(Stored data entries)
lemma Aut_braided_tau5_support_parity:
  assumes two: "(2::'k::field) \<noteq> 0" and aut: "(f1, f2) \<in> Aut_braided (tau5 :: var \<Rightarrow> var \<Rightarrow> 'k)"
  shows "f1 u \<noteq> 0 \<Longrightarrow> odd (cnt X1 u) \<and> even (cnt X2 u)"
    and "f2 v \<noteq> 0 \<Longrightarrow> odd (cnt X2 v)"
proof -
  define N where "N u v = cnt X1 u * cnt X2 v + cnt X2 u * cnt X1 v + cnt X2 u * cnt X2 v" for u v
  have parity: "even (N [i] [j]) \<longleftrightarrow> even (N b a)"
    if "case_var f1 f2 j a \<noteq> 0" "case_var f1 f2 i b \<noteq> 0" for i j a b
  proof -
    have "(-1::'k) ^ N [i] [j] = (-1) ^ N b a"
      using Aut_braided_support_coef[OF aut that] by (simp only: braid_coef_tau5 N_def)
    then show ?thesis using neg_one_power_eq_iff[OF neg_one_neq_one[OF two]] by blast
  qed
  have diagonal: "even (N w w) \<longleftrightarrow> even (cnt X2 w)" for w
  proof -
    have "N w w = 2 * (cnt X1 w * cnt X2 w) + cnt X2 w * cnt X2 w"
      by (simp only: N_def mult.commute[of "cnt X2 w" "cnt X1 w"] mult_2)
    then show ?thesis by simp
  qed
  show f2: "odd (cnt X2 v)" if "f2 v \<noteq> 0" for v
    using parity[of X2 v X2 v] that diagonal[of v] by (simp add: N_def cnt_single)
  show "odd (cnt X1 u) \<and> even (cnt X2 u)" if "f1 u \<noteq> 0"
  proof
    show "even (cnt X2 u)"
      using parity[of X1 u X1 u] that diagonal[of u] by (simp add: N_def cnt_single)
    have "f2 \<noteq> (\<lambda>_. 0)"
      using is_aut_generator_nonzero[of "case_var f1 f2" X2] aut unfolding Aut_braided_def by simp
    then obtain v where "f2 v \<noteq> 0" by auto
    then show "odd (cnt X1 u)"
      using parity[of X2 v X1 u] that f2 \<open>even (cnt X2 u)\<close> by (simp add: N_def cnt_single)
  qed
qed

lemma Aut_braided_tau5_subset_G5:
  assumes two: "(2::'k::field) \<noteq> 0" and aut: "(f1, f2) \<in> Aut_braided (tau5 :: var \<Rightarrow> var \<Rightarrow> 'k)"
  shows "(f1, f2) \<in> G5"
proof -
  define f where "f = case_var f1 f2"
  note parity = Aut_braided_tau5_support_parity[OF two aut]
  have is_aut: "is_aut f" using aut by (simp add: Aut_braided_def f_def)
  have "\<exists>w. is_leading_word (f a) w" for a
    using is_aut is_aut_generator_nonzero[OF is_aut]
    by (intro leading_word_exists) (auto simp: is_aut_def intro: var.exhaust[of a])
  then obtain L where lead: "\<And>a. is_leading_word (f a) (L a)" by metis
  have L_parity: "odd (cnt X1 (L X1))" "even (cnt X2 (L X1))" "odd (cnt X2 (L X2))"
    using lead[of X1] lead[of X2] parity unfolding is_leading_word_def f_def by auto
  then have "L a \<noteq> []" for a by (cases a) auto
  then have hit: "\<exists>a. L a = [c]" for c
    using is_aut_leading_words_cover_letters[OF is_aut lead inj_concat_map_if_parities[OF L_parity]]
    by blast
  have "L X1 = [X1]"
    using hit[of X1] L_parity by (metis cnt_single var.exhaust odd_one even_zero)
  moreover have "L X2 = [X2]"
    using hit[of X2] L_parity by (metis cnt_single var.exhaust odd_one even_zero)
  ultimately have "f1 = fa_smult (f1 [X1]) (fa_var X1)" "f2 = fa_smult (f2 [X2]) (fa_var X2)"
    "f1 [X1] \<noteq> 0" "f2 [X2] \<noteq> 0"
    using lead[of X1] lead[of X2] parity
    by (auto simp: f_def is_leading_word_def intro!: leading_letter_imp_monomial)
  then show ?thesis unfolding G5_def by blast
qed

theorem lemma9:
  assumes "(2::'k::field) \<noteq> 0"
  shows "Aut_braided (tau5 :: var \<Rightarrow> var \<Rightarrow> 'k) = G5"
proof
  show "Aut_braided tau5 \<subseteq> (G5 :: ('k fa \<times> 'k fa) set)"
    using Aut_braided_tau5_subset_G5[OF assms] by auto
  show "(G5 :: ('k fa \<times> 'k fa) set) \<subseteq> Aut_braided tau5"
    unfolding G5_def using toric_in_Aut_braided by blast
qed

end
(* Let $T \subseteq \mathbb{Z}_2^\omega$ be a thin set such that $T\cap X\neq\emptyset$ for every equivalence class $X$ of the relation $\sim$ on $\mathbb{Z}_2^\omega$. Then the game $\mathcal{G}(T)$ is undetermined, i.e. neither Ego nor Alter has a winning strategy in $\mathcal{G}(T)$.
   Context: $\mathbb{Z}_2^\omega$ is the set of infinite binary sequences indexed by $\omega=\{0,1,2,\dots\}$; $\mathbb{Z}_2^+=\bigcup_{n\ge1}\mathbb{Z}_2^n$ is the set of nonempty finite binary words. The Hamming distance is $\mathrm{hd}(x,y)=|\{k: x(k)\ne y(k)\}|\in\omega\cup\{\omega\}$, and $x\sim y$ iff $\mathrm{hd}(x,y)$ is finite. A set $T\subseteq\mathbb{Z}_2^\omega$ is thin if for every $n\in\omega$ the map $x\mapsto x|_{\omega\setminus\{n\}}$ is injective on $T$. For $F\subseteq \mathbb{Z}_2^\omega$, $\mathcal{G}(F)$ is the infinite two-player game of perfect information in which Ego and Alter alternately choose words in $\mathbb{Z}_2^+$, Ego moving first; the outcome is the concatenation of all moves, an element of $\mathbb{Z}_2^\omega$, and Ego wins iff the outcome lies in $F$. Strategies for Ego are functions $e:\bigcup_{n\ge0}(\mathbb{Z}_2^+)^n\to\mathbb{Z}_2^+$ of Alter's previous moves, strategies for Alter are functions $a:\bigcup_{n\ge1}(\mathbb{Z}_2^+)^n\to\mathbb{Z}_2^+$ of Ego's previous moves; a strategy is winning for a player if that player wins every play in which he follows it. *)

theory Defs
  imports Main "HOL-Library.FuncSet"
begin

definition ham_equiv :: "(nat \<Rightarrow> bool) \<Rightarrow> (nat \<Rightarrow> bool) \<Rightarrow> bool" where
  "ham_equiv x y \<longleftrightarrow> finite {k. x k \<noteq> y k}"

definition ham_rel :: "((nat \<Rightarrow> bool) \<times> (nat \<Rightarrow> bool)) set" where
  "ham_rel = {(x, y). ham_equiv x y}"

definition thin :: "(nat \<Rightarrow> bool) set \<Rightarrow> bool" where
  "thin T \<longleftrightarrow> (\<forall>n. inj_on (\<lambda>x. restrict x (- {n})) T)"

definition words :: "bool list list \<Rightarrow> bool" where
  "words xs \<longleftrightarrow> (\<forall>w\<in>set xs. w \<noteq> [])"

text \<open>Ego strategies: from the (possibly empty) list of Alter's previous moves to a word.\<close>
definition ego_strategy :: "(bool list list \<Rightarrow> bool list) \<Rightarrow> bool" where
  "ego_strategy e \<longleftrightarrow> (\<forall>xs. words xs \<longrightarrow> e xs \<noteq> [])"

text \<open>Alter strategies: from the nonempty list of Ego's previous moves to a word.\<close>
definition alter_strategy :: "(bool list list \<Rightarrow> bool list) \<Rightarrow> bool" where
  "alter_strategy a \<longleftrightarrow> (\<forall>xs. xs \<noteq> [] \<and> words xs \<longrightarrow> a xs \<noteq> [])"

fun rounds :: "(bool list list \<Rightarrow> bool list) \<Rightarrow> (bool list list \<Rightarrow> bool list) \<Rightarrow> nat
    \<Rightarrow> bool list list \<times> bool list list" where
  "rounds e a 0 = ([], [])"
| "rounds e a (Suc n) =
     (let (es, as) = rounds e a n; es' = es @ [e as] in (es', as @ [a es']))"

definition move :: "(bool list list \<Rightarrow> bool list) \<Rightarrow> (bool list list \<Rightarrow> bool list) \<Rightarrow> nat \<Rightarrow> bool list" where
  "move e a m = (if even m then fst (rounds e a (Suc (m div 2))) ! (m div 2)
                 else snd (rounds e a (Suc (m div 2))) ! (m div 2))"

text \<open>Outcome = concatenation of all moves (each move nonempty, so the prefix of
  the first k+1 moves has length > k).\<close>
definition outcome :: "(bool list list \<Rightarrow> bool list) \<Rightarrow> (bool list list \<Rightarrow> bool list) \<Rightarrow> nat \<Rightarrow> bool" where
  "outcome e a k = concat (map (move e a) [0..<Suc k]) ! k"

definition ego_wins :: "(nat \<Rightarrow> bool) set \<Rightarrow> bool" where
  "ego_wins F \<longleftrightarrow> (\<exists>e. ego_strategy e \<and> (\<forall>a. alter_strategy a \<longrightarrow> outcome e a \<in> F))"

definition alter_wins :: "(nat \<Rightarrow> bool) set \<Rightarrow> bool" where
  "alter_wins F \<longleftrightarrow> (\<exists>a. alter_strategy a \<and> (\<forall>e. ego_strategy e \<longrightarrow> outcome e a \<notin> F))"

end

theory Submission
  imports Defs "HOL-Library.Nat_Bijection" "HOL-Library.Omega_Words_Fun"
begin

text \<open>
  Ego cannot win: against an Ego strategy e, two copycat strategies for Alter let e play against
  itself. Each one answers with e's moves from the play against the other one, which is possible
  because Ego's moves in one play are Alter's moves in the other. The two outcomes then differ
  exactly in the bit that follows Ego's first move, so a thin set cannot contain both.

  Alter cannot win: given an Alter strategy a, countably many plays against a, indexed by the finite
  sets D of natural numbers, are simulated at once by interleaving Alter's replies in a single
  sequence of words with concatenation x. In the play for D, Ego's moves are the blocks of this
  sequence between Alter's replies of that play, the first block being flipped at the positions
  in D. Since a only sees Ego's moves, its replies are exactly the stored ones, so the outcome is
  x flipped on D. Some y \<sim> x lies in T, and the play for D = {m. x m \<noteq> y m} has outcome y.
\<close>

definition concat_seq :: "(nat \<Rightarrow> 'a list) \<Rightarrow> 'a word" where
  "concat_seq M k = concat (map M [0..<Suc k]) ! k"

*WHAT TO WORK ON*: Set down, from the entries above, exactly the lines from the one with "a \<longleftrightarrow> (\<forall>xs." up to and including the one with "list list \<times>", and no other lines.

*SOLUTION FOR THIS PROBLEM*:
  "alter_strategy a \<longleftrightarrow> (\<forall>xs. xs \<noteq> [] \<and> words xs \<longrightarrow> a xs \<noteq> [])"

fun rounds :: "(bool list list \<Rightarrow> bool list) \<Rightarrow> (bool list list \<Rightarrow> bool list) \<Rightarrow> nat
    \<Rightarrow> bool list list \<times> bool list list" where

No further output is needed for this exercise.